Karneniz, referans değeriniz!
Siber güvenlik risk ölçümleme ve üçüncü parti risk yönetim platformu uzmanlığı ile küresel bazda 40’ı aşkın ülkede binin üzerinde müşteriye hizmet veren SecurityScorecard, pandemi ile hayat bulan ‘yeni normal’ paralelinde kurumsal güvenlik algısını pekiştirme imkanını sunuyor.
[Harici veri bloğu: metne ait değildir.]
lemma sq_mult_two_power_less:
  assumes "3 \<le> k"
  shows "k\<^sup>2 * 2 ^ k < (2::nat) ^ k\<^sup>2"
proof -
  have "k\<^sup>2 \<le> 2 ^ (k + 1)"
    using assms
  proof (induction k rule: nat_induct_at_least)
    case (Suc n)
    have "3 * n \<le> n * n"
      using Suc.hyps by (intro mult_right_mono) auto
    have "(Suc n)\<^sup>2 \<le> 2 * n\<^sup>2"
      by (simp add: power2_eq_square) (use \<open>3 * n \<le> n * n\<close> Suc.hyps in linarith)
    then show ?case
      using Suc.IH by simp
  qed simp
  then have "k\<^sup>2 * 2 ^ k \<le> 2 ^ (k + 1) * 2 ^ k"
    by (rule mult_right_mono) simp
  also have "\<dots> = 2 ^ (k + 1 + k)"
    by (rule power_add[symmetric])
  also have "\<dots> < 2 ^ k\<^sup>2"
  proof (rule power_strict_increasing)
    have "3 * k \<le> k * k"
      using assms by (intro mult_right_mono) auto
    then show "k + 1 + k < k\<^sup>2"
      using assms unfolding power2_eq_square by linarith
  qed simp
  finally show ?thesis .
qed

definition Lambda_denom :: "nat \<Rightarrow> nat \<Rightarrow> (nat \<Rightarrow> real) \<Rightarrow> nat \<Rightarrow> real" where
  "Lambda_denom p q y n = (\<Prod>i<p. y q - y i) * (\<Prod>i\<in>{q+1..n}. y i - y p)"

definition proper_superpairs :: "nat \<Rightarrow> nat \<Rightarrow> nat \<Rightarrow> (nat \<times> nat) set" where
  "proper_superpairs n p q = {(p', q'). p' \<le> p \<and> q \<le> q' \<and> q' \<le> n \<and> (p', q') \<noteq> (p, q)}"

lemma Lambda_pqr_eq:
  assumes "p + r \<le> q"
  shows "Lambda_pqr p q r y n \<psi> =
    integral {y q - y p..dpq y n p q} (\<lambda>u. \<psi> u / u ^ (q - p - r + 1)) / Lambda_denom p q y n"
proof -
  have "int p + int r - int q - 1 = - int (q - p - r + 1)"
    using assms by simp
  then have "(\<lambda>u. u powi (int p + int r - int q - 1) * \<psi> u) = (\<lambda>u. \<psi> u / u ^ (q - p - r + 1))"
    by (simp only: power_int_minus_mult)
  then show ?thesis
    unfolding Lambda_pqr_def Lambda_denom_def by simp
qed

lemma finite_Qset: "finite (Qset n r)"
  by (rule finite_subset[of _ "{..n} \<times> {..n}"]) (auto simp: Qset_def)

lemma proper_superpairs_subset_Qset:
  "(p, q) \<in> Qset m r \<Longrightarrow> proper_superpairs m p q \<subseteq> Qset m r"
  by (auto simp: proper_superpairs_def Qset_def)

lemma dpq_full: "dpq y n 0 n = 2 * (y n - y 0)"
  by (simp add: dpq_def ynext_def yprev_def)

locale knot_sequence =
  fixes r m :: nat and x :: "nat \<Rightarrow> real"
  assumes mono: "\<And>i j. i \<le> j \<Longrightarrow> j \<le> m \<Longrightarrow> x i \<le> x j"
    and separated: "\<And>j. j + r + 1 \<le> m \<Longrightarrow> x j < x (j + r + 1)"
begin

lemma less_if_gap: "i + r + 1 \<le> j \<Longrightarrow> j \<le> m \<Longrightarrow> x i < x j"
  using separated[of i] mono[of "i + r + 1" j] by auto

lemma Qset_less: "(p, q) \<in> Qset m r \<Longrightarrow> x p < x q"
  unfolding Qset_def using less_if_gap by auto

lemma Lambda_denom_pos:
  assumes "(p, q) \<in> Qset m r"
  shows "0 < Lambda_denom p q x m"
  using assms less_if_gap unfolding Lambda_denom_def Qset_def
  by (auto intro!: mult_pos_pos prod_pos)

lemma dpq_ge: "p \<le> m \<Longrightarrow> q \<le> m \<Longrightarrow> x q - x p \<le> dpq x m p q"
  using mono[of q "q + 1"] mono[of "p - 1" p] mono[of 0 m]
  unfolding dpq_def ynext_def yprev_def by auto

lemma dpq_le_left:
  assumes "i < p" "p \<le> m"
  shows "dpq x m p q \<le> x q - x i"
proof -
  have "x i \<le> x (p - 1)"
    using assms by (intro mono) auto
  then show ?thesis
    using assms unfolding dpq_def yprev_def by auto
qed

lemma dpq_le_right: "q < i \<Longrightarrow> i \<le> m \<Longrightarrow> dpq x m p q \<le> x i - x p"
  using mono[of "q + 1" i] unfolding dpq_def ynext_def by auto

lemma dpq_le_range:
  assumes "(p, q) \<in> Qset m r" "q + 2 \<le> m + p"
  shows "dpq x m p q \<le> x m - x 0"
proof (cases "q < m")
  case True
  then show ?thesis
    using dpq_le_right[of q m p] mono[of 0 p] assms by (auto simp: Qset_def)
next
  case False
  then have "0 < p" "q = m"
    using assms by (auto simp: Qset_def)
  then show ?thesis
    using dpq_le_left[of 0 p q] assms by (auto simp: Qset_def)
qed

lemma Lambda_pqr_nonneg:
  assumes "(p, q) \<in> Qset m r" "\<psi> \<in> Phi"
  shows "0 \<le> Lambda_pqr p q r x m \<psi>"
proof -
  have pos: "0 < x q - x p"
    using Qset_less[OF assms(1)] by simp
  have "0 \<le> integral {x q - x p..dpq x m p q} (\<lambda>u. \<psi> u / u ^ (q - p - r + 1))"
    using pos Phi_nonneg[OF assms(2)]
    by (intro integral_nonneg Phi_divide_power_integrable_on[OF assms(2)]) auto
  then show ?thesis
    using assms Lambda_denom_pos[OF assms(1)] by (simp add: Lambda_pqr_eq Qset_def)
qed

lemma Lambda_pqr_le_Lambda_r:
  assumes "(p, q) \<in> Qset m r"
  shows "Lambda_pqr p q r x m \<psi> \<le> Lambda_r r x m \<psi>"
  unfolding Lambda_r_def using assms finite_Qset by (auto intro: Max_ge)

lemma Lambda_r_nonneg: "(p, q) \<in> Qset m r \<Longrightarrow> \<psi> \<in> Phi \<Longrightarrow> 0 \<le> Lambda_r r x m \<psi>"
  using Lambda_pqr_nonneg Lambda_pqr_le_Lambda_r by (meson order_trans)

lemma dpq_gt_if_maximal:
  assumes "p \<le> m" "q \<le> m" "\<not> (p = 0 \<and> q = m)"
    and "q < m \<Longrightarrow> v < x (q + 1) - x p" "0 < p \<Longrightarrow> v < x q - x (p - 1)"
  shows "v < dpq x m p q"
proof -
  have "x p \<le> x m" "x 0 \<le> x q" "q < m \<Longrightarrow> x (q + 1) \<le> x m" "0 < p \<Longrightarrow> x 0 \<le> x (p - 1)"
    using assms by (auto intro: mono)
  then show ?thesis
    using assms unfolding dpq_def ynext_def yprev_def by (cases "q < m"; cases "0 < p") auto
qed

lemma superpair_interval_cover:
  assumes pq: "(p, q) \<in> Qset m r" "q + 2 \<le> m + p"
    and v: "dpq x m p q \<le> v" "v \<le> 2 * (x m - x 0)"
  shows "\<exists>p' q'. (p', q') \<in> proper_superpairs m p q \<and> v \<in> {x q' - x p'..dpq x m p' q'}"
proof -
  define S where "S = (\<lambda>(p', q'). p' \<le> p \<and> q \<le> q' \<and> q' \<le> m \<and> x q' - x p' \<le> v)"
  have "S (p, q)"
    using pq dpq_ge[of p q] v by (auto simp: S_def Qset_def)
  moreover have "\<forall>t. S t \<longrightarrow> snd t - fst t < m + 1"
    by (auto simp: S_def)
  ultimately obtain p' q' where S': "S (p', q')"
    and longest: "\<And>t. S t \<Longrightarrow> snd t - fst t \<le> q' - p'"
    using Lattices_Big.ex_has_greatest_nat[of S "(p, q)" "\<lambda>t. snd t - fst t" "m + 1"] by force
  have pq': "p' \<le> p" "q \<le> q'" "q' \<le> m" "x q' - x p' \<le> v" "p + r + 1 \<le> q"
    using S' pq by (auto simp: S_def Qset_def)
  have "v < x (q' + 1) - x p'" if "q' < m"
    using longest[of "(p', q' + 1)"] pq' that by (force simp: S_def)
  moreover have "v < x q' - x (p' - 1)" if "0 < p'"
    using longest[of "(p' - 1, q')"] pq' that by (force simp: S_def)
  ultimately have "v < dpq x m p' q'" if "\<not> (p' = 0 \<and> q' = m)"
    using pq' that by (intro dpq_gt_if_maximal) auto
  moreover have "v \<le> dpq x m p' q'" if "p' = 0 \<and> q' = m"
    using that v by (simp add: dpq_full)
  ultimately have "v \<in> {x q' - x p'..dpq x m p' q'}" "(p', q') \<noteq> (p, q)"
    using pq' pq v by force+
  then show ?thesis
    using pq' unfolding proper_superpairs_def by blast
qed

lemma dpq_le_superpair_gap:
  assumes "(p', q') \<in> proper_superpairs m p q" "p \<le> m"
  shows "dpq x m p q \<le> x q' - x p'"
proof (cases "p' < p")
  case True
  then show ?thesis
    using assms dpq_le_left[of p' p q] mono[of q q']
    unfolding proper_superpairs_def by auto
next
  case False
  then show ?thesis
    using assms dpq_le_right[of q q' p]
    unfolding proper_superpairs_def by auto
qed

lemma Lambda_denom_split:
  assumes "p' \<le> p" "q \<le> q'" "q' \<le> m"
  shows "Lambda_denom p q x m =
    ((\<Prod>i<p'. x q - x i) * (\<Prod>i\<in>{q'+1..m}. x i - x p)) *
    ((\<Prod>i\<in>{p'..<p}. x q - x i) * (\<Prod>i\<in>{q+1..q'}. x i - x p))"
proof -
  have "{..<p} = {..<p'} \<union> {p'..<p}" "{q+1..m} = {q+1..q'} \<union> {q'+1..m}"
    using assms by auto
  then have "(\<Prod>i<p. x q - x i) = (\<Prod>i<p'. x q - x i) * (\<Prod>i\<in>{p'..<p}. x q - x i)"
    "(\<Prod>i\<in>{q+1..m}. x i - x p) = (\<Prod>i\<in>{q+1..q'}. x i - x p) * (\<Prod>i\<in>{q'+1..m}. x i - x p)"
    by (simp_all add: prod.union_disjoint ivl_disj_int)
  then show ?thesis
    unfolding Lambda_denom_def by (simp add: ac_simps)
qed

lemma superpair_denom_le:
  assumes sup: "(p', q') \<in> proper_superpairs m p q" and "p \<le> q"
  defines "c \<equiv> p' + (m - q')"
  shows "dpq x m p q ^ c * Lambda_denom p' q' x m
    \<le> (2 * (x q' - x p')) ^ c * ((\<Prod>i<p'. x q - x i) * (\<Prod>i\<in>{q'+1..m}. x i - x p))"
proof -
  define D L where "D = dpq x m p q" and "L = x q' - x p'"
  have sup': "p' \<le> p" "q \<le> q'" "q' \<le> m"
    using sup by (auto simp: proper_superpairs_def)
  have D: "0 \<le> D" "D \<le> L"
    using dpq_ge[of p q] dpq_le_superpair_gap[OF sup] mono[of p q] assms sup'
    by (auto simp: D_def L_def)
  have left: "0 \<le> D * (x q' - x i) \<and> D * (x q' - x i) \<le> 2 * L * (x q - x i)"
    if "i \<in> {..<p'}" for i
    using that mult_add_le_double[of D "x q - x i" L "x q' - x q"] D dpq_le_left[of i p q]
      mono[of q q'] mono[of p' q] sup' assms(2) by (auto simp: D_def L_def)
  have right: "0 \<le> D * (x i - x p') \<and> D * (x i - x p') \<le> 2 * L * (x i - x p)"
    if "i \<in> {q'+1..m}" for i
    using that mult_add_le_double[of D "x i - x p" L "x p - x p'"] D dpq_le_right[of q i p]
      mono[of p q'] mono[of p' p] sup' assms(2) by (auto simp: D_def L_def)
  have "D ^ c * Lambda_denom p' q' x m =
      (D ^ card {..<p'} * (\<Prod>i<p'. x q' - x i)) *
      (D ^ card {q'+1..m} * (\<Prod>i\<in>{q'+1..m}. x i - x p'))"
    by (simp add: c_def Lambda_denom_def power_add ac_simps)
  also have "\<dots> \<le> ((2 * L) ^ card {..<p'} * (\<Prod>i<p'. x q - x i)) *
      ((2 * L) ^ card {q'+1..m} * (\<Prod>i\<in>{q'+1..m}. x i - x p))"
    using power_card_mult_prod_le[where S="{..<p'}" and f="\<lambda>i. x q' - x i", OF left]
      power_card_mult_prod_le[where S="{q'+1..m}" and f="\<lambda>i. x i - x p'", OF right]
    by (meson mult_mono')
  also have "\<dots> = (2 * L) ^ c * ((\<Prod>i<p'. x q - x i) * (\<Prod>i\<in>{q'+1..m}. x i - x p))"
    by (simp add: c_def power_add ac_simps)
  finally show ?thesis
    by (simp add: D_def L_def)
qed

lemma superpair_gap_le_inner:
  assumes sup: "(p', q') \<in> proper_superpairs m p q" and "p \<le> q"
  defines "j \<equiv> (p - p') + (q' - q)"
  shows "dpq x m p q ^ (j - 1) * (x q' - x p')
    \<le> 2 * ((\<Prod>i\<in>{p'..<p}. x q - x i) * (\<Prod>i\<in>{q+1..q'}. x i - x p))"
proof -
  define D J where "D = dpq x m p q" and "J = {p'..<p} \<union> {q+1..q'}"
  define F where "F i = (if i < p then x q - x i else x i - x p)" for i
  have sup': "p' \<le> p" "q \<le> q'" "q' \<le> m" "p' < p \<or> q < q'"
    using sup by (auto simp: proper_superpairs_def)
  have "prod F J = prod F {p'..<p} * prod F {q+1..q'}"
    unfolding J_def using assms(2) by (intro prod.union_disjoint) auto
  also have "\<dots> = (\<Prod>i\<in>{p'..<p}. x q - x i) * (\<Prod>i\<in>{q+1..q'}. x i - x p)"
    using assms(2) by (intro arg_cong2[where f = "(*)"] prod.cong) (auto simp: F_def)
  finally have prod_J: "(\<Prod>i\<in>{p'..<p}. x q - x i) * (\<Prod>i\<in>{q+1..q'}. x i - x p) = prod F J" ..
  have card_J: "card J = j"
    unfolding J_def j_def using assms(2) by (subst card_Un_disjoint) auto
  have D: "0 \<le> D" "x q - x p \<le> D" "\<And>i. i \<in> J \<Longrightarrow> D \<le> F i"
    using dpq_ge[of p q] mono[of p q] dpq_le_left[of _ p q] dpq_le_right[of q _ p] sup' assms(2)
    by (auto simp: D_def J_def F_def)
  have "J \<noteq> {}"
    using sup' by (auto simp: J_def)
  have "x q - x p' \<le> D \<or> (\<exists>i\<in>J. x q - x p' \<le> F i)"
    using D(2) sup' by (cases "p' < p") (auto simp: J_def F_def)
  moreover have "x q' - x p \<le> D \<or> (\<exists>i\<in>J. x q' - x p \<le> F i)"
    using D(2) sup' assms(2) by (cases "q < q'") (auto simp: J_def F_def intro: bexI[of _ q'])
  moreover have "0 \<le> x q - x p'" "0 \<le> x q' - x p"
    using mono[of p' q] mono[of p q'] sup' assms(2) by auto
  ultimately have "D ^ (j - 1) * (x q - x p') \<le> prod F J" "D ^ (j - 1) * (x q' - x p) \<le> prod F J"
    using power_mult_le_prod[of J D F] D \<open>J \<noteq> {}\<close> unfolding card_J by (auto simp: J_def)
  moreover have "D ^ (j - 1) * (x q' - x p') \<le> D ^ (j - 1) * ((x q - x p') + (x q' - x p))"
    using D mono[of p q] sup' assms(2) by (intro mult_left_mono) auto
  ultimately show ?thesis
    unfolding prod_J D_def by (simp add: algebra_simps)
qed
İki yıldır Türkiye pazarında aktif olarak çalışmalarını yürüten SecurityScorecard, BThaber dijital etkinliğinde hem farklı sektör şirketlinin deneyimlerini paylaşmasına imkan sundu hem de SecurityScorecard’ı farklı kılan özellikleri paylaştı. 20 Ekim’de düzenlenen dijital etkinlikte BTHABER Şirketler Grubu Başkanı Murat Göçe‘nin açılış konuşmasının ardından sözü SecurityScorecard Uluslararası Satışlar Başkanı Matthew McKenna aldı. “Trust but Verify: How to Drive a Smart, Strategic, and Scalable Third-Party Risk Management Program” başlıklı sunumuyla McKenna, üçüncü parti risk yönetimi programının önemine, siber güvenlik ve kurumsal sürdürülebilirlik politikalarının devamlılığı adına gerekliliğine dikkat çekti. McKenna, pandemi ile birlikte güvenliğin ve kurumsal bilişim mimarisinin değişiminin, doğal olarak üçüncü partilerle işbirliklerini etkilediğini de hatırlattı. “Intertech Security Score Card Deneyimi” başlıklı sohbeti Murat Göçe yönetti. Katılımcılar ise SecurityScorecard Türkiye Satış ve İş Geliştirme Direktörü Ayşin Gök, Intertech Bilgi Güvenliği ve BT Risk Yönetimi Lideri Burak Dündar ve Intertech Bilgi Güvenliği ve BT Risk Yönetimi Mühendisi Ece Naz Yurdakul oldu. Göçe’nin sorusu üzerine Ayşin Gök, SecurityScorecard yapısını şöyle anlattı:
“SecurityScorecard; kurumların, organizasyonların, çalıştıkları üçüncü tarafların, paydaşların kullandığı bir kart. Üçüncü taraflar ise şirketlerin faaliyetlerinin geliştirilmesine aktif olarak destek veren dış destek aldıkları firmalar. Bunları; acenteler, distribütörler, yükleniciler, bayiler ve onların bağlı olduğu ekosistemler olarak tanımlayabiliriz. SecurityScorecard, hem kurumların kendilerini, hem de üçüncü taraflardaki risk analizlerini yapan üçüncü parti bir risk ölçüm platformu. Platform, 360 derece bakış açısı ve tamamen pasif bir taramayla teknik, uluslararası standart uyum süreçlerine göre analiz yaparak bunu skorlayan bir ölçme aracı. Platform tamamen açık veriler üzerinden hareket ediyor. Üçüncü partilerin bu tip bir risk ölçümleme aracından geçirilmesi gerekiyor. Bu firmalar çalıştıkları ekosistemleri çok daha anlık, sürekli takip edebilecekler, hızlı aksiyon alabilecekler. Firmaların kabul edilme süreçlerinde teknik yeterliliğine bakıldığı gibi, artık siber güvenlik duruşlarına da bakılması gerekiyor. Bu tip bir program insan hatasının önüne geçiyor.”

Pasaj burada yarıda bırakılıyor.